(FIGURES 2.278 TO 2.282. Skeletons of man and the four anthropoid apes. (From Huxley.) Cf. Figures 1.203 to 1.209.

FIGURE 2.278. Gibbon (Hylobates).

FIGURE 2.279. Orang (Satyrus).

FIGURE 2.280. Chimpanzee (Anthropithecus).

FIGURE 2.281. Gorilla (Gorilla).

FIGURE 2.282. Man (Homo).)

On the other hand, all the American apes have an additional pre-molar in each half of the jaw. They have six molars above and below on each side, or thirty-six teeth altogether. This characteristic difference between the eastern and western apes has been so faithfully inherited that it is very instructive for us. It is true that there seems to be an exception in the case of a small family of South American apes. The small silky apes (Arctopitheca or Hapalidae), which include the tamarin (Midas) and the brush-monkey (Jacchus), have only five molars in each half of the jaw (instead of six), and so seem to be nearer to the eastern apes. But it is found, on closer examination, that they have three premolars, like all the western apes, and that only the last molar has been lost. Hence the apparent exception really confirms the above distinction.

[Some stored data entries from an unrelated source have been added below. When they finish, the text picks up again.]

(* Let $\mathcal F=\{F_1,\dots,F_k\}$, $\mathcal I=\{0,1\}^k\setminus\{(0,\dots,0)\}$, and let $\mathcal F_{asc}$ be a nonempty ascending class of nonempty subsets of $\mathcal F$. Let $\mathbf A$ be the matrix with rows indexed by $\mathcal F_{des}=2^{\mathcal F}\setminus\mathcal F_{asc}\setminus\{\varnothing\}$ and columns indexed by $\mathcal I$, with entry $1$ in row $W$, column $\boldsymbol i$ if $W\subseteq\phi(\boldsymbol i)$ and $0$ otherwise. Then the hierarchical AS model $HAS(\mathcal F_{asc})$ is the relational model generated by $\mathbf A$, i.e. $HAS(\mathcal F_{asc})=\{\boldsymbol p>0 \text{ probability distribution on }\mathcal I:\ \log\boldsymbol p=\mathbf A^\top\boldsymbol\beta\text{ for some }\boldsymbol\beta\}$, and this relational model has no overall effect: the all-ones vector of length $2^k-1$ does not belong to the row space of $\mathbf A$.
   Context: For $\boldsymbol i\in\mathcal I$, $\phi(\boldsymbol i)$ is the set of features whose coordinate in $\boldsymbol i$ equals $1$; write $p(V)$ for the probability of the cell with $\phi(\boldsymbol i)=V$. A class of subsets is ascending if it is closed under taking supersets within $\mathcal F$. For nonempty $V\subseteq\mathcal F$, $\mathrm{CASR}(V\mid\mathcal F\setminus V=\mathbf 0)=\prod_{\varnothing\ne U\subseteq V,\,|U|\equiv|V|\,(2)}p(U)\big/\prod_{\varnothing\ne U\subseteq V,\,|U|\not\equiv|V|\,(2)}p(U)$ (called $\mathrm{ASR}(\mathcal F)$ when $V=\mathcal F$). The hierarchical Aitchison–Silvey model $HAS(\mathcal F_{asc})$ is the set of strictly positive probability distributions $\boldsymbol p$ on $\mathcal I$ with $\mathrm{CASR}(V\mid\mathcal F\setminus V=\mathbf 0)=1$ for all $V\in\mathcal F_{asc}$; equivalently, writing $\log p(\boldsymbol i)=\sum_{\varnothing\ne V\subseteq\phi(\boldsymbol i)}\beta_V$ (a bijective reparameterization), those with $\beta_V=0$ for all $V\in\mathcal F_{asc}$. *)

theory Defs
  imports Complex_Main
begin

(* Features F = UNIV :: 'f set (a finite type with k = CARD('f) elements).
   A cell i in {0,1}^k is a function 'f => bool; I excludes the all-zero cell. *)

definition cells :: "('f::finite \<Rightarrow> bool) set" where
  "cells = {i. i \<noteq> (\<lambda>_. False)}"

definition phi :: "('f \<Rightarrow> bool) \<Rightarrow> 'f set" where
  "phi i = {f. i f}"

definition cellp :: "(('f \<Rightarrow> bool) \<Rightarrow> real) \<Rightarrow> 'f set \<Rightarrow> real" where
  "cellp p U = p (\<lambda>f. f \<in> U)"

definition CASR :: "(('f::finite \<Rightarrow> bool) \<Rightarrow> real) \<Rightarrow> 'f set \<Rightarrow> real" where
  "CASR p V =
     (\<Prod>U\<in>{U. U \<subseteq> V \<and> U \<noteq> {} \<and> even (card U + card V)}. cellp p U) /
     (\<Prod>U\<in>{U. U \<subseteq> V \<and> U \<noteq> {} \<and> odd (card U + card V)}. cellp p U)"

definition pos_prob_dist :: "(('f::finite \<Rightarrow> bool) \<Rightarrow> real) \<Rightarrow> bool" where
  "pos_prob_dist p \<longleftrightarrow> (\<forall>i\<in>cells. p i > 0) \<and> (\<Sum>i\<in>cells. p i) = 1"

definition HAS :: "'f::finite set set \<Rightarrow> (('f \<Rightarrow> bool) \<Rightarrow> real) set" where
  "HAS Fasc = {p. pos_prob_dist p \<and> (\<forall>V\<in>Fasc. CASR p V = 1)}"

definition ascending :: "'f set set \<Rightarrow> bool" where
  "ascending C \<longleftrightarrow> (\<forall>V\<in>C. \<forall>W. V \<subseteq> W \<longrightarrow> W \<in> C)"

definition Fdes :: "'f set set \<Rightarrow> 'f set set" where
  "Fdes Fasc = {W. W \<notin> Fasc \<and> W \<noteq> {}}"

definition Amat :: "'f set \<Rightarrow> ('f \<Rightarrow> bool) \<Rightarrow> real" where
  "Amat W i = (if W \<subseteq> phi i then 1 else 0)"

definition relational_model ::
  "'r set \<Rightarrow> ('r \<Rightarrow> ('f::finite \<Rightarrow> bool) \<Rightarrow> real) \<Rightarrow> (('f \<Rightarrow> bool) \<Rightarrow> real) set" where
  "relational_model R A =
     {p. pos_prob_dist p \<and> (\<exists>\<beta>. \<forall>i\<in>cells. ln (p i) = (\<Sum>W\<in>R. A W i * \<beta> W))}"

definition has_overall_effect :: "'r set \<Rightarrow> ('r \<Rightarrow> ('f::finite \<Rightarrow> bool) \<Rightarrow> real) \<Rightarrow> bool" where
  "has_overall_effect R A \<longleftrightarrow> (\<exists>c. \<forall>i\<in>cells. (\<Sum>W\<in>R. c W * A W i) = 1)"

end

(* The log-linear parameters of p are the Moebius transform, over the Boolean lattice of
   nonempty feature sets, of V \<mapsto> log p(V), and log CASR(V | F \ V = 0) is exactly the
   V-th Moebius coefficient.  So HAS(F_asc) consists of the p whose log is a zeta transform
   of coefficients vanishing on F_asc, i.e. whose log lies in the row space of A.  The
   constant 1 is not of that form: its Moebius coefficient at the full feature set F,
   which belongs to F_asc, is -(-1)^|F| \<noteq> 0. *)

theory Submission
  imports Defs
begin

definition zeta :: "('a set \<Rightarrow> 'b::comm_ring_1) \<Rightarrow> 'a set \<Rightarrow> 'b" where
  "zeta b U = (\<Sum>W | W \<subseteq> U \<and> W \<noteq> {}. b W)"

definition mobius :: "('a set \<Rightarrow> 'b::comm_ring_1) \<Rightarrow> 'a set \<Rightarrow> 'b" where
  "mobius g V = (\<Sum>U | U \<subseteq> V \<and> U \<noteq> {}. (-1) ^ (card U + card V) * g U)"

lemma mobius_empty [simp]: "mobius g {} = 0"
  by (simp add: mobius_def)

lemma zeta_empty [simp]: "zeta b {} = 0"
  by (simp add: zeta_def)

lemma mobius_cong:
  "(\<And>U. U \<subseteq> V \<Longrightarrow> U \<noteq> {} \<Longrightarrow> g U = h U) \<Longrightarrow> mobius g V = mobius h V"
  unfolding mobius_def by (rule sum.cong) auto

lemma sum_Pow_eq_sum_nonempty:
  assumes "finite S" "h {} = 0"
  shows "sum h (Pow S) = (\<Sum>T | T \<subseteq> S \<and> T \<noteq> {}. h T)"
  by (rule sum.mono_neutral_right) (use assms in auto)

text \<open>Both inversion formulas are instances of the involution
  \<open>f \<mapsto> (\<lambda>S. \<Sum>T\<in>Pow S. (-1) ^ card T * f T)\<close> of \<open>inclusion_exclusion_symmetric\<close>,
  applied after extending the functions by \<open>0\<close> at the empty set.\<close>

lemma zeta_mobius:
  assumes "finite S" "S \<noteq> {}"
  shows "zeta (mobius g) S = g S"
proof -
  define g0 where "g0 T = (if T = {} then 0 else g T)" for T
  have signed: "(-1) ^ card S * mobius g S = (\<Sum>T\<in>Pow S. (-1) ^ card T * g0 T)"
    if "finite S" for S
    using that unfolding mobius_def sum_distrib_left
    by (subst sum_Pow_eq_sum_nonempty) (auto simp: g0_def power_add mult_ac intro!: sum.cong)
  have "g0 S = (\<Sum>T\<in>Pow S. (-1) ^ card T * ((-1) ^ card T * mobius g T))"
    by (rule inclusion_exclusion_symmetric[OF signed assms(1)])
  then show ?thesis
    using assms by (simp add: g0_def zeta_def sum_Pow_eq_sum_nonempty)
qed

lemma mobius_zeta:
  assumes "finite V" "V \<noteq> {}"
  shows "mobius (zeta b) V = b V"
proof -
  define b0 where "b0 T = (if T = {} then 0 else b T)" for T
  have signed: "zeta b S = (\<Sum>T\<in>Pow S. (-1) ^ card T * ((-1) ^ card T * b0 T))"
    if "finite S" for S
    using that unfolding zeta_def
    by (subst sum_Pow_eq_sum_nonempty) (auto simp: b0_def intro!: sum.cong)
  have "(-1) ^ card V * b0 V = (\<Sum>T\<in>Pow V. (-1) ^ card T * zeta b T)"
    by (rule inclusion_exclusion_symmetric[OF signed assms(1)])
  then have "b0 V = (-1) ^ card V * (\<Sum>T\<in>Pow V. (-1) ^ card T * zeta b T)"
    by (metis left_minus_one_mult_self)
  then show ?thesis
    using assms
    by (simp add: b0_def mobius_def sum_Pow_eq_sum_nonempty sum_distrib_left power_add mult_ac)
qed

lemma ex_zeta_vanishing_iff_mobius_eq_0:
  fixes g :: "'a::finite set \<Rightarrow> 'b::comm_ring_1"
  shows "(\<exists>b. (\<forall>W\<in>C. b W = 0) \<and> (\<forall>U. U \<noteq> {} \<longrightarrow> g U = zeta b U))
     \<longleftrightarrow> (\<forall>V\<in>C. mobius g V = 0)"
proof
  assume "\<exists>b. (\<forall>W\<in>C. b W = 0) \<and> (\<forall>U. U \<noteq> {} \<longrightarrow> g U = zeta b U)"
  then obtain b where b: "\<forall>W\<in>C. b W = 0" and g: "\<forall>U. U \<noteq> {} \<longrightarrow> g U = zeta b U"
    by blast
  have "mobius g V = b V" if "V \<noteq> {}" for V
    using mobius_cong[of V g "zeta b"] g mobius_zeta[OF finite that] by auto
  then show "\<forall>V\<in>C. mobius g V = 0"
    using b by (metis mobius_empty)
next
  assume "\<forall>V\<in>C. mobius g V = 0"
  then show "\<exists>b. (\<forall>W\<in>C. b W = 0) \<and> (\<forall>U. U \<noteq> {} \<longrightarrow> g U = zeta b U)"
    by (intro exI[of _ "mobius g"]) (simp add: zeta_mobius)
qed

lemma sum_Pow_minus_one_power_card:
  assumes "finite V" "V \<noteq> {}"
  shows "(\<Sum>T\<in>Pow V. (-1::'b::ring_1) ^ card T) = 0"
  using card_subsupersets_even_odd[of V "{}"] assms
  by (intro sum_alternating_cancels) (auto simp: Pow_def)

lemma mobius_const_one:
  assumes "finite V" "V \<noteq> {}"
  shows "mobius (\<lambda>_. 1) V = - ((-1) ^ card V)"
proof -
  have "Pow V - {{}} = {T. T \<subseteq> V \<and> T \<noteq> {}}" by auto
  then have "1 + (\<Sum>T | T \<subseteq> V \<and> T \<noteq> {}. (-1) ^ card T) = (0::'b::comm_ring_1)"
    using sum.remove[of "Pow V" "{}" "\<lambda>T. (-1::'b) ^ card T"] assms(1)
      sum_Pow_minus_one_power_card[OF assms, where 'b='b]
    by simp
  then have "(\<Sum>T | T \<subseteq> V \<and> T \<noteq> {}. (-1) ^ card T) = (-1::'b)"
    by (simp add: eq_neg_iff_add_eq_0 add.commute)
  then show ?thesis
    by (simp add: mobius_def power_add flip: sum_distrib_right)
qed

lemma CASR_eq_exp_mobius:
  fixes p :: "('f::finite \<Rightarrow> bool) \<Rightarrow> real"
  assumes "\<And>U. U \<noteq> {} \<Longrightarrow> cellp p U > 0"
  shows "CASR p V = exp (mobius (\<lambda>U. ln (cellp p U)) V)"
proof -
  let ?E = "{U. U \<subseteq> V \<and> U \<noteq> {} \<and> even (card U + card V)}"
  let ?O = "{U. U \<subseteq> V \<and> U \<noteq> {} \<and> odd (card U + card V)}"
  have split: "{U. U \<subseteq> V \<and> U \<noteq> {}} = ?E \<union> ?O" by auto
  have "mobius (\<lambda>U. ln (cellp p U)) V = (\<Sum>U\<in>?E. ln (cellp p U)) - (\<Sum>U\<in>?O. ln (cellp p U))"
    unfolding mobius_def split
    by (subst sum.union_disjoint)
      (auto simp: sum_negf[symmetric] intro!: sum.cong arg_cong2[where f = plus])
  then show ?thesis
    using assms by (simp add: CASR_def exp_diff exp_sum)
qed

lemma indicator_in_cells: "(\<lambda>f. f \<in> U) \<in> cells \<longleftrightarrow> U \<noteq> {}"
  by (auto simp: cells_def fun_eq_iff)

lemma ball_cells_iff:
  "(\<forall>i\<in>(cells :: ('f::finite \<Rightarrow> bool) set). P i) \<longleftrightarrow> (\<forall>U. U \<noteq> {} \<longrightarrow> P (\<lambda>f. f \<in> U))"
proof
  assume "\<forall>i\<in>cells. P i"
  then show "\<forall>U. U \<noteq> {} \<longrightarrow> P (\<lambda>f. f \<in> U)"
    by (simp add: indicator_in_cells)
next
  assume P: "\<forall>U. U \<noteq> {} \<longrightarrow> P (\<lambda>f. f \<in> U)"
  show "\<forall>i\<in>cells. P i"
  proof
    fix i :: "'f \<Rightarrow> bool"
    assume "i \<in> cells"
    moreover have "i = (\<lambda>f. f \<in> phi i)"
      by (simp add: phi_def)
    ultimately show "P i"
      using P indicator_in_cells by metis
  qed
qed

lemma pos_prob_dist_cellp_pos:
  assumes "pos_prob_dist p" "U \<noteq> {}"
  shows "cellp p U > 0"
  using assms by (simp add: pos_prob_dist_def cellp_def indicator_in_cells)

lemma sum_Fdes_Amat_eq_zeta:
  fixes U :: "'f::finite set"
  shows "(\<Sum>W\<in>Fdes C. Amat W (\<lambda>f. f \<in> U) * \<beta> W) = zeta (\<lambda>W. if W \<in> C then 0 else \<beta> W) U"
proof -
  have "(\<Sum>W\<in>Fdes C. Amat W (\<lambda>f. f \<in> U) * \<beta> W) = sum \<beta> {W. W \<subseteq> U \<and> W \<noteq> {} \<and> W \<notin> C}"
    by (simp add: Amat_def phi_def Fdes_def Int_def conj_ac flip: of_bool_def)
  also have "\<dots> = zeta (\<lambda>W. if W \<in> C then 0 else \<beta> W) U"
    unfolding zeta_def by (rule sum.mono_neutral_cong_left) auto
  finally show ?thesis .
qed

lemma ex_Amat_combination_iff_mobius_eq_0:
  fixes g :: "'f::finite set \<Rightarrow> real"
  shows "(\<exists>\<beta>. \<forall>U. U \<noteq> {} \<longrightarrow> g U = (\<Sum>W\<in>Fdes C. Amat W (\<lambda>f. f \<in> U) * \<beta> W))
     \<longleftrightarrow> (\<forall>V\<in>C. mobius g V = 0)"
  unfolding ex_zeta_vanishing_iff_mobius_eq_0[symmetric] sum_Fdes_Amat_eq_zeta
proof
  assume "\<exists>\<beta>. \<forall>U. U \<noteq> {} \<longrightarrow> g U = zeta (\<lambda>W. if W \<in> C then 0 else \<beta> W) U"
  then obtain \<beta> where "\<forall>U. U \<noteq> {} \<longrightarrow> g U = zeta (\<lambda>W. if W \<in> C then 0 else \<beta> W) U"
    by blast
  then show "\<exists>b. (\<forall>W\<in>C. b W = 0) \<and> (\<forall>U. U \<noteq> {} \<longrightarrow> g U = zeta b U)"
    by (intro exI[of _ "\<lambda>W. if W \<in> C then 0 else \<beta> W"]) simp
next
  assume "\<exists>b. (\<forall>W\<in>C. b W = 0) \<and> (\<forall>U. U \<noteq> {} \<longrightarrow> g U = zeta b U)"
  then obtain b where "\<forall>W\<in>C. b W = 0" "\<forall>U. U \<noteq> {} \<longrightarrow> g U = zeta b U"
    by blast
  moreover from this(1) have "(\<lambda>W. if W \<in> C then 0 else b W) = b"
    by auto
  ultimately show "\<exists>\<beta>. \<forall>U. U \<noteq> {} \<longrightarrow> g U = zeta (\<lambda>W. if W \<in> C then 0 else \<beta> W) U"
    by metis
qed

lemma mem_HAS_iff:
  "p \<in> HAS C \<longleftrightarrow> pos_prob_dist p \<and> (\<forall>V\<in>C. mobius (\<lambda>U. ln (cellp p U)) V = 0)"
proof -
  have "CASR p V = exp (mobius (\<lambda>U. ln (cellp p U)) V)" if "pos_prob_dist p" for V
    using CASR_eq_exp_mobius pos_prob_dist_cellp_pos[OF that] by blast
  then show ?thesis
    by (auto simp: HAS_def)
qed

lemma mem_relational_model_Fdes_Amat_iff:
  "p \<in> relational_model (Fdes C) Amat
     \<longleftrightarrow> pos_prob_dist p \<and> (\<forall>V\<in>C. mobius (\<lambda>U. ln (cellp p U)) V = 0)"
  by (simp add: relational_model_def ball_cells_iff cellp_def
      flip: ex_Amat_combination_iff_mobius_eq_0)

lemma HAS_eq_relational_model: "HAS C = relational_model (Fdes C) Amat"
  by (auto simp: mem_HAS_iff mem_relational_model_Fdes_Amat_iff)

lemma not_has_overall_effect_Fdes_Amat:
  assumes "(UNIV :: 'f::finite set) \<in> C"
  shows "\<not> has_overall_effect (Fdes C) (Amat :: 'f set \<Rightarrow> ('f \<Rightarrow> bool) \<Rightarrow> real)"
proof
  assume "has_overall_effect (Fdes C) (Amat :: 'f set \<Rightarrow> ('f \<Rightarrow> bool) \<Rightarrow> real)"
  then obtain c :: "'f set \<Rightarrow> real"
    where "\<forall>i\<in>cells. (\<Sum>W\<in>Fdes C. c W * Amat W i) = 1"
    by (auto simp: has_overall_effect_def)
  then have "\<forall>U. U \<noteq> {} \<longrightarrow> 1 = (\<Sum>W\<in>Fdes C. Amat W (\<lambda>f. f \<in> U) * c W)"
    by (simp add: ball_cells_iff mult.commute)
  then have "mobius (\<lambda>_. 1::real) (UNIV :: 'f set) = 0"
    using assms ex_Amat_combination_iff_mobius_eq_0[of "\<lambda>_. 1" C] by blast
  then show False
    by (simp add: mobius_const_one)
qed

theorem theorem4:
  fixes Fasc :: "'f::finite set set"
  assumes "Fasc \<noteq> {}"
    and "\<forall>V\<in>Fasc. V \<noteq> {}"
    and "ascending Fasc"
  shows "HAS Fasc = relational_model (Fdes Fasc) Amat
         \<and> \<not> has_overall_effect (Fdes Fasc) (Amat :: 'f set \<Rightarrow> ('f \<Rightarrow> bool) \<Rightarrow> real)"
proof -
  obtain V where "V \<in> Fasc"
    using assms(1) by blast
  then have "UNIV \<in> Fasc"
    using assms(3) unfolding ascending_def by blast
  then show ?thesis
    by (simp add: HAS_eq_relational_model not_has_overall_effect_Fdes_Amat)
qed

end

Of the other features in which the two groups of apes differ, the structure of the nose is particularly instructive and conspicuous. All the eastern apes have the same type of nose as man—a comparatively narrow partition between the two halves, so that the nostrils run downwards. In some of them the nose protrudes as far as in man, and has the same characteristic structure. We have already alluded to the curious long-nosed apes, which have a long, finely-curved nose. Most of the eastern apes have, it is true, rather flat noses, like, for instance, the white-nosed monkey (Figure 2.276); but the nasal partition is thin and narrow in them all. The American apes have a different type of nose. The partition is very broad and thick at the bottom, and the wings of the nostrils are not developed, so that they point outwards instead of downwards. This difference in the form of the nose is so constantly inherited in both groups that the apes of the New World are called "flat-nosed" (Platyrrhinae), and those of the Old World "narrow-nosed" (Catarrhinae). The bony passage of the ear (at the bottom of which is the tympanum) is short and wide in all the Platyrrhines, but long and narrow in all the Catarrhines; and in man this difference also is significant.

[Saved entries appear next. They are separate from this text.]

text \<open>Injectivity holds because every \<open>\<phi>\<zeta>\<close> with \<open>\<zeta>\<^sup>g = 1\<close> is a simple root.\<close>
lemma bij_betw_dominant_roots:
  assumes roots: "char_poly k c = (\<Prod>i<k. [:- \<eta> i, 1:])"
  shows "bij_betw (\<lambda>i. \<eta> i / of_real \<phi>) {i. i < k \<and> norm (\<eta> i) = \<phi>}
           {\<zeta>. \<zeta> ^ char_gcd k c = 1}"
proof -
  have root_iff: "poly (char_poly k c) z = 0 \<longleftrightarrow> (\<exists>i<k. \<eta> i = z)" for z
    by (auto simp: roots poly_prod)
  have scaled: "\<eta> i = of_real \<phi> * (\<eta> i / of_real \<phi>)" for i
    using perron_pos by simp
  have simple: "poly (pderiv (char_poly k c)) (of_real \<phi> * \<zeta>) \<noteq> 0"
    if "\<zeta> ^ char_gcd k c = 1" for \<zeta>
    using char_poly_mult_root_unity(2)[OF that, of "of_real \<phi>"] pderiv_perron_nonzero perron_pos
    by (auto simp: mult.commute)
  have g_pos: "char_gcd k c > 0"
    using char_gcd_dvd_degree[of k c] degree_pos by (auto intro: Nat.gr0I)
  show ?thesis
    unfolding bij_betw_def
  proof (intro conjI inj_onI equalityI subsetI)
    fix a b assume ab: "a \<in> {i. i < k \<and> norm (\<eta> i) = \<phi>}" "b \<in> {i. i < k \<and> norm (\<eta> i) = \<phi>}"
      and eq: "\<eta> a / of_real \<phi> = \<eta> b / of_real \<phi>"
    show "a = b"
    proof (rule ccontr)
      assume "a \<noteq> b"
      then have "poly (pderiv (char_poly k c)) (\<eta> a) = 0"
        using ab eq perron_pos unfolding roots by (intro pderiv_prod_linear_repeated_root) auto
      with simple[of "\<eta> a / of_real \<phi>"] scaled ab root_iff show False
        by (metis (mono_tags, lifting) mem_Collect_eq root_norm_eq_pow_char_gcd)
    qed
  next
    fix \<zeta> assume "\<zeta> \<in> (\<lambda>i. \<eta> i / of_real \<phi>) ` {i. i < k \<and> norm (\<eta> i) = \<phi>}"
    then show "\<zeta> \<in> {\<zeta>. \<zeta> ^ char_gcd k c = 1}"
      using root_iff root_norm_eq_pow_char_gcd by auto
  next
    fix \<zeta> :: complex assume "\<zeta> \<in> {\<zeta>. \<zeta> ^ char_gcd k c = 1}"
    then have \<zeta>: "\<zeta> ^ char_gcd k c = 1" by simp
    then have "poly (char_poly k c) (\<zeta> * of_real \<phi>) = 0"
      by (simp add: char_poly_mult_root_unity(1) perron_root)
    then obtain i where i: "i < k" "\<eta> i = of_real \<phi> * \<zeta>"
      using root_iff by (metis mult.commute)
    have "norm \<zeta> = 1" using power_eq_1_iff[OF \<zeta>] g_pos by simp
    then show "\<zeta> \<in> (\<lambda>i. \<eta> i / of_real \<phi>) ` {i. i < k \<and> norm (\<eta> i) = \<phi>}"
      using i perron_pos by (intro image_eqI[of _ _ i]) (auto simp: norm_mult)
  qed
qed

This division of the apes into Platyrrhines and Catarrhines, on the ground of the above hereditary features, is now generally admitted in zoology, and receives strong support from the geographical distribution of the two groups in the east and west. It follows at once, as regards the phylogeny of the apes, that two divergent lines proceeded from the common stem-form of the ape-order in the early Tertiary period, one of which spread over the Old, the other over the New, World. It is certain that all the Platyrrhines come of one stock, and also all the Catarrhines; but the former are phylogenetically older, and must be regarded as the stem-group of the latter.

What can we deduce from this with regard to our own genealogy? Man has just the same characters, the same form of dentition, auditory passage, and nose, as all the Catarrhines; in this he radically differs from the Platyrrhines. We are thus forced to assign him a position among the eastern apes in the order of Primates, or at least place him alongside of them. But it follows that man is a direct blood relative of the apes of the Old World, and can be traced to a common stem-form together with all the Catarrhines. In his whole organisation and in his origin man is a true Catarrhine; he originated in the Old World from an unknown, extinct group of the eastern apes. The apes of the New World, or the Platyrrhines, form a divergent branch of our genealogical tree, and this is only distantly related at its root to the human race. We must assume, of course, that the earliest Eocene apes had the full dentition of the Platyrrhines; hence we may regard this stem-group as a special stage (the twenty-sixth) in our ancestry, and deduce from it (as the twenty-seventh stage) the earliest Catarrhines.